→ **Aim of the exercise**:
Repeat verbatim, and only, the lines of the data below, beginning at the line that contains "using vanishing_on_distinct_lists poly_fun_collision_defect[OF" and stopping after the line that contains "[a, b] \<longleftrightarrow>".

═══ Data to use

definition collision_relation :: "(rat list \<Rightarrow> rat) \<Rightarrow> rat list \<Rightarrow> bool" where
  "collision_relation M x \<longleftrightarrow>
    utrans M x + coll (length x) 2 (utrans M) x =
      utrans M (tl x @ [hd x]) + coll (length x) 1 (utrans M) x"

lemma coll_expand:
  assumes "length x = Suc r" "2 \<le> r"
  shows "coll (length x) 2 F x = (F (del_at 3 x) - F (del_at 2 x)) / (x ! 1 - x ! 2)"
    and "coll (length x) 1 F x = (F (del_at 2 x) - F (del_at 1 x)) / (x ! 0 - x ! 1)"
  using assms by (simp_all add: coll_def numeral_2_eq_2 numeral_3_eq_3)

lemma collision_relation_iff_senary_relation:
  assumes len: "length x = Suc r" and r: "2 \<le> r"
  shows "collision_relation M x \<longleftrightarrow> senary_relation M (utrans_arg x)"
proof -
  obtain k where k: "r = Suc (Suc k)" using r by (metis add_2_eq_Suc le_Suc_ex)
  define u where "u = utrans_arg x"
  have len_u: "length u = Suc (Suc k)" using len k by (simp add: u_def)
  have len_rot: "length (tl x @ [hd x]) = Suc r" using len by (cases x) auto
  have sum_u: "sum_list u = x ! 1 - x ! 0" using sum_list_utrans_arg[OF len] r by (simp add: u_def)
  have last_u: "u ! Suc k = x ! 1 - x ! 2" using last_utrans_arg[OF len r] k by (simp add: u_def)
  have "utrans M x = M u" using len r by (simp add: utrans_eq_utrans_arg u_def)
  moreover have "utrans M (tl x @ [hd x]) = M ((- sum_list u) # butlast u)"
    using len_rot r by (simp add: utrans_eq_utrans_arg u_def utrans_arg_rotate1[OF len r])
  moreover have "utrans M (del_at 3 x) = M (take k u @ [u ! k + u ! Suc k])"
    using len r k by (simp add: utrans_eq_utrans_arg u_def utrans_arg_del_at_3[OF len r])
  moreover have "utrans M (del_at 2 x) = M (take (Suc k) u)"
    using len r k len_u
      by (simp add: utrans_eq_utrans_arg u_def utrans_arg_del_at_2[OF len r] butlast_conv_take)
  moreover have "utrans M (del_at 1 x) = M ((u ! 0 - sum_list u) # tl (butlast u))"
    unfolding utrans_arg_del_at_1[OF len r, folded u_def, symmetric]
    using len r by (intro utrans_eq_utrans_arg) simp
  moreover have "(a - b) / (x ! 0 - x ! 1) = (b - a) / sum_list u" for a b
    unfolding sum_u by (metis minus_diff_eq minus_divide_divide)
  ultimately show ?thesis
    unfolding collision_relation_def senary_relation_def coll_expand[OF len r]
      teru_Suc_Suc[OF len_u] push_mantar_teru_mantar_Suc_Suc[OF len_u] last_u u_def[symmetric]
    using len_u by (simp add: butlast_conv_take)
qed

definition collision_defect :: "(rat list \<Rightarrow> rat) \<Rightarrow> rat list \<Rightarrow> rat" where
  "collision_defect M x =
     (x ! 1 - x ! 2) * (x ! 0 - x ! 1) * (utrans M x - utrans M (tl x @ [hd x]))
     + (x ! 0 - x ! 1) * (utrans M (del_at 3 x) - utrans M (del_at 2 x))
     - (x ! 1 - x ! 2) * (utrans M (del_at 2 x) - utrans M (del_at 1 x))"

lemma collision_relation_iff_defect_eq_0:
  assumes "length x = Suc r" "2 \<le> r" "x ! 0 \<noteq> x ! 1" "x ! 1 \<noteq> x ! 2"
  shows "collision_relation M x \<longleftrightarrow> collision_defect M x = 0"
  using assms unfolding collision_relation_def collision_defect_def coll_expand[OF assms(1,2)]
  by (simp add: field_simps)

lemma poly_fun_collision_defect:
  assumes "is_mould M" "poly_curve L (Suc r)" "2 \<le> r"
  shows "poly_fun (\<lambda>t. collision_defect M (L t))"
proof -
  obtain n where "r = Suc (Suc n)" using assms(3) by (metis add_2_eq_Suc le_Suc_ex)
  then have curve: "poly_curve L (Suc (Suc (Suc n)))" using assms(2) by simp
  have "poly_curve (\<lambda>t. del_at k (L t)) (Suc (Suc n))" if "1 \<le> k" "k \<le> 3" for k
    using poly_curve_del_at[OF curve, of k] that by simp
  then have "poly_fun (\<lambda>t. utrans M (del_at k (L t)))" if "1 \<le> k" "k \<le> 3" for k
    using that poly_fun_utrans[OF assms(1)] by blast
  moreover have "poly_fun (\<lambda>t. utrans M (L t))" "poly_fun (\<lambda>t. utrans M (tl (L t) @ [hd (L t)]))"
    by (rule poly_fun_utrans[OF assms(1) curve],
        rule poly_fun_utrans[OF assms(1) poly_curve_rotate1[OF curve]])
  moreover have "poly_fun (\<lambda>t. L t ! i)" if "i \<le> 2" for i
    using poly_curve_nth[OF curve] that by simp
  ultimately show ?thesis
    unfolding collision_defect_def by (intro poly_fun_diff poly_fun_add poly_fun_mult) auto
qed

lemma collision_relation_of_distinct:
  assumes "is_mould M" "2 \<le> r"
    and distinct: "\<And>y. length y = Suc r \<Longrightarrow> distinct y \<Longrightarrow> collision_relation M y"
    and "length x = Suc r" "x ! 0 \<noteq> x ! 1" "x ! 1 \<noteq> x ! 2"
  shows "collision_relation M x"
proof -
  have "collision_defect M y = 0" if "length y = Suc r" "distinct y" for y
  proof -
    have "y ! 0 \<noteq> y ! 1" "y ! 1 \<noteq> y ! 2"
      using that assms(2) by (simp_all add: nth_eq_iff_index_eq)
    then show ?thesis using distinct that collision_relation_iff_defect_eq_0 assms(2) by blast
  qed
  then have "collision_defect M x = 0"
    using vanishing_on_distinct_lists poly_fun_collision_defect[OF assms(1) _ assms(2)] assms(4)
    by blast
  then show ?thesis using collision_relation_iff_defect_eq_0 assms(2,4-6) by blast
qed

lemma senary_iff_collision_depth_one:
  "(\<forall>u. length u = 1 \<and> u ! 0 \<noteq> 0 \<and> sum_list u \<noteq> 0 \<longrightarrow> senary_relation M u) \<longleftrightarrow>
   (\<forall>x. length x = 2 \<and> distinct x \<longrightarrow> collision_relation M x)"
proof -
  have senary: "senary_relation M [a] \<longleftrightarrow> M [a] = M [- a]" for a
    by (simp add: senary_relation_def teru_def push_def mantar_def)
  \<comment> \<open>coll 2 2 reads the index 3 cyclically as 1, so both collision terms coincide.\<close>
  have "(p - q) / (c - d) = (q - p) / (d - c)" for p q c d :: rat
    by (metis minus_diff_eq minus_divide_divide)
  then have collision: "collision_relation M [a, b] \<longleftrightarrow> M [b - a] = M [a - b]" for a b
    unfolding collision_relation_def
      by (simp add: coll_def del_at_def utrans_def ptrans_def swap_def)
  have "(\<forall>u. length u = 1 \<and> u ! 0 \<noteq> 0 \<and> sum_list u \<noteq> 0 \<longrightarrow> senary_relation M u) \<longleftrightarrow>
      (\<forall>a. a \<noteq> 0 \<longrightarrow> M [a] = M [- a])"
    using all_length_eq_1_iff[of "\<lambda>u. u ! 0 \<noteq> 0 \<and> sum_list u \<noteq> 0 \<longrightarrow> senary_relation M u"]
    by (simp add: senary imp_conjL)
  also have "\<dots> \<longleftrightarrow> (\<forall>a b. a \<noteq> b \<longrightarrow> M [b - a] = M [a - b])"
  proof (intro iffI allI impI)
    fix a b :: rat
    assume "\<forall>a. a \<noteq> 0 \<longrightarrow> M [a] = M [- a]" "a \<noteq> b"
    then show "M [b - a] = M [a - b]" by (metis minus_diff_eq right_minus_eq)
  next
    fix a :: rat
    assume "\<forall>a b. a \<noteq> b \<longrightarrow> M [b - a] = M [a - b]" "a \<noteq> 0"
    then show "M [a] = M [- a]" by (metis diff_0 diff_0_right)
  qed
  also have "\<dots> \<longleftrightarrow> (\<forall>x. length x = 2 \<and> distinct x \<longrightarrow> collision_relation M x)"
    using all_length_eq_2_iff[of "\<lambda>x. distinct x \<longrightarrow> collision_relation M x"]
    by (simp add: collision imp_conjL)
  finally show ?thesis .
qed

lemma senary_iff_collision:
  assumes "is_mould M" "2 \<le> r"
  shows "(\<forall>u. length u = r \<and> u ! (r - 1) \<noteq> 0 \<and> sum_list u \<noteq> 0 \<longrightarrow> senary_relation M u) \<longleftrightarrow>
    (\<forall>x. length x = Suc r \<and> distinct x \<longrightarrow> collision_relation M x)"
proof (intro iffI allI impI)
  fix x :: "rat list"
  assume senary: "\<forall>u. length u = r \<and> u ! (r - 1) \<noteq> 0 \<and> sum_list u \<noteq> 0 \<longrightarrow> senary_relation M u"
    and x: "length x = Suc r \<and> distinct x"
  then have len: "length x = Suc r" by simp
  have "x ! 1 \<noteq> x ! 2" "x ! 1 \<noteq> x ! 0" using x assms(2) by (simp_all add: nth_eq_iff_index_eq)
  then have "senary_relation M (utrans_arg x)"
    using senary[rule_format, of "utrans_arg x"] last_utrans_arg[OF len assms(2)]
      sum_list_utrans_arg[OF len] len assms(2) by simp
  then show "collision_relation M x"
    using collision_relation_iff_senary_relation x assms(2) by blast
next
  fix u :: "rat list"
  assume collision: "\<forall>x. length x = Suc r \<and> distinct x \<longrightarrow> collision_relation M x"
    and u: "length u = r \<and> u ! (r - 1) \<noteq> 0 \<and> sum_list u \<noteq> 0"
  define x where "x = utrans_arg_inv u"
  have len: "length x = Suc r" and ux: "utrans_arg x = u"
    using u by (simp_all add: x_def utrans_arg_utrans_arg_inv)
  have "x ! 0 \<noteq> x ! 1" "x ! 1 \<noteq> x ! 2"
    using u ux sum_list_utrans_arg[OF len] last_utrans_arg[OF len assms(2)] assms(2) by auto
  then have "collision_relation M x"
    using collision_relation_of_distinct[OF assms _ len] collision by blast
  then show "senary_relation M u"
    using collision_relation_iff_senary_relation[OF len assms(2)] ux by simp
qed

theorem lemma4p1:
  fixes M :: "rat list \<Rightarrow> rat" and r :: nat
  assumes "1 \<le> r" and "M \<in> ARI"
  shows "(\<forall>u. length u = r \<and> u ! (r - 1) \<noteq> 0 \<and> sum_list u \<noteq> 0 \<longrightarrow>
            teru M u = push (mantar (teru (mantar M))) u)
     \<longleftrightarrow>
         (\<forall>x. length x = r + 1 \<and> distinct x \<longrightarrow>
            utrans M x + coll (r + 1) 2 (utrans M) x
              = utrans M (tl x @ [hd x]) + coll (r + 1) 1 (utrans M) x)"
proof -
  have mould: "is_mould M" using assms(2) by (simp add: ARI_def)
  have collision: "(\<forall>x. length x = r + 1 \<and> distinct x \<longrightarrow>
            utrans M x + coll (r + 1) 2 (utrans M) x
              = utrans M (tl x @ [hd x]) + coll (r + 1) 1 (utrans M) x) \<longleftrightarrow>
        (\<forall>x. length x = Suc r \<and> distinct x \<longrightarrow> collision_relation M x)"
    by (auto simp: collision_relation_def)
  show ?thesis
  proof (cases "r = 1")
    case True
    then show ?thesis
      using senary_iff_collision_depth_one[of M] collision unfolding senary_relation_def
      by (simp add: numeral_2_eq_2)
  next
    case False
    then show ?thesis
      using senary_iff_collision[OF mould, of r] collision assms(1) unfolding senary_relation_def
        by simp
  qed
qed

end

══════

→ **Reply**:
    using vanishing_on_distinct_lists poly_fun_collision_defect[OF assms(1) _ assms(2)] assms(4)
    by blast
  then show ?thesis using collision_relation_iff_defect_eq_0 assms(2,4-6) by blast
qed

lemma senary_iff_collision_depth_one:
  "(\<forall>u. length u = 1 \<and> u ! 0 \<noteq> 0 \<and> sum_list u \<noteq> 0 \<longrightarrow> senary_relation M u) \<longleftrightarrow>
   (\<forall>x. length x = 2 \<and> distinct x \<longrightarrow> collision_relation M x)"
proof -
  have senary: "senary_relation M [a] \<longleftrightarrow> M [a] = M [- a]" for a
    by (simp add: senary_relation_def teru_def push_def mantar_def)
  \<comment> \<open>coll 2 2 reads the index 3 cyclically as 1, so both collision terms coincide.\<close>
  have "(p - q) / (c - d) = (q - p) / (d - c)" for p q c d :: rat
    by (metis minus_diff_eq minus_divide_divide)
  then have collision: "collision_relation M [a, b] \<longleftrightarrow> M [b - a] = M [a - b]" for a b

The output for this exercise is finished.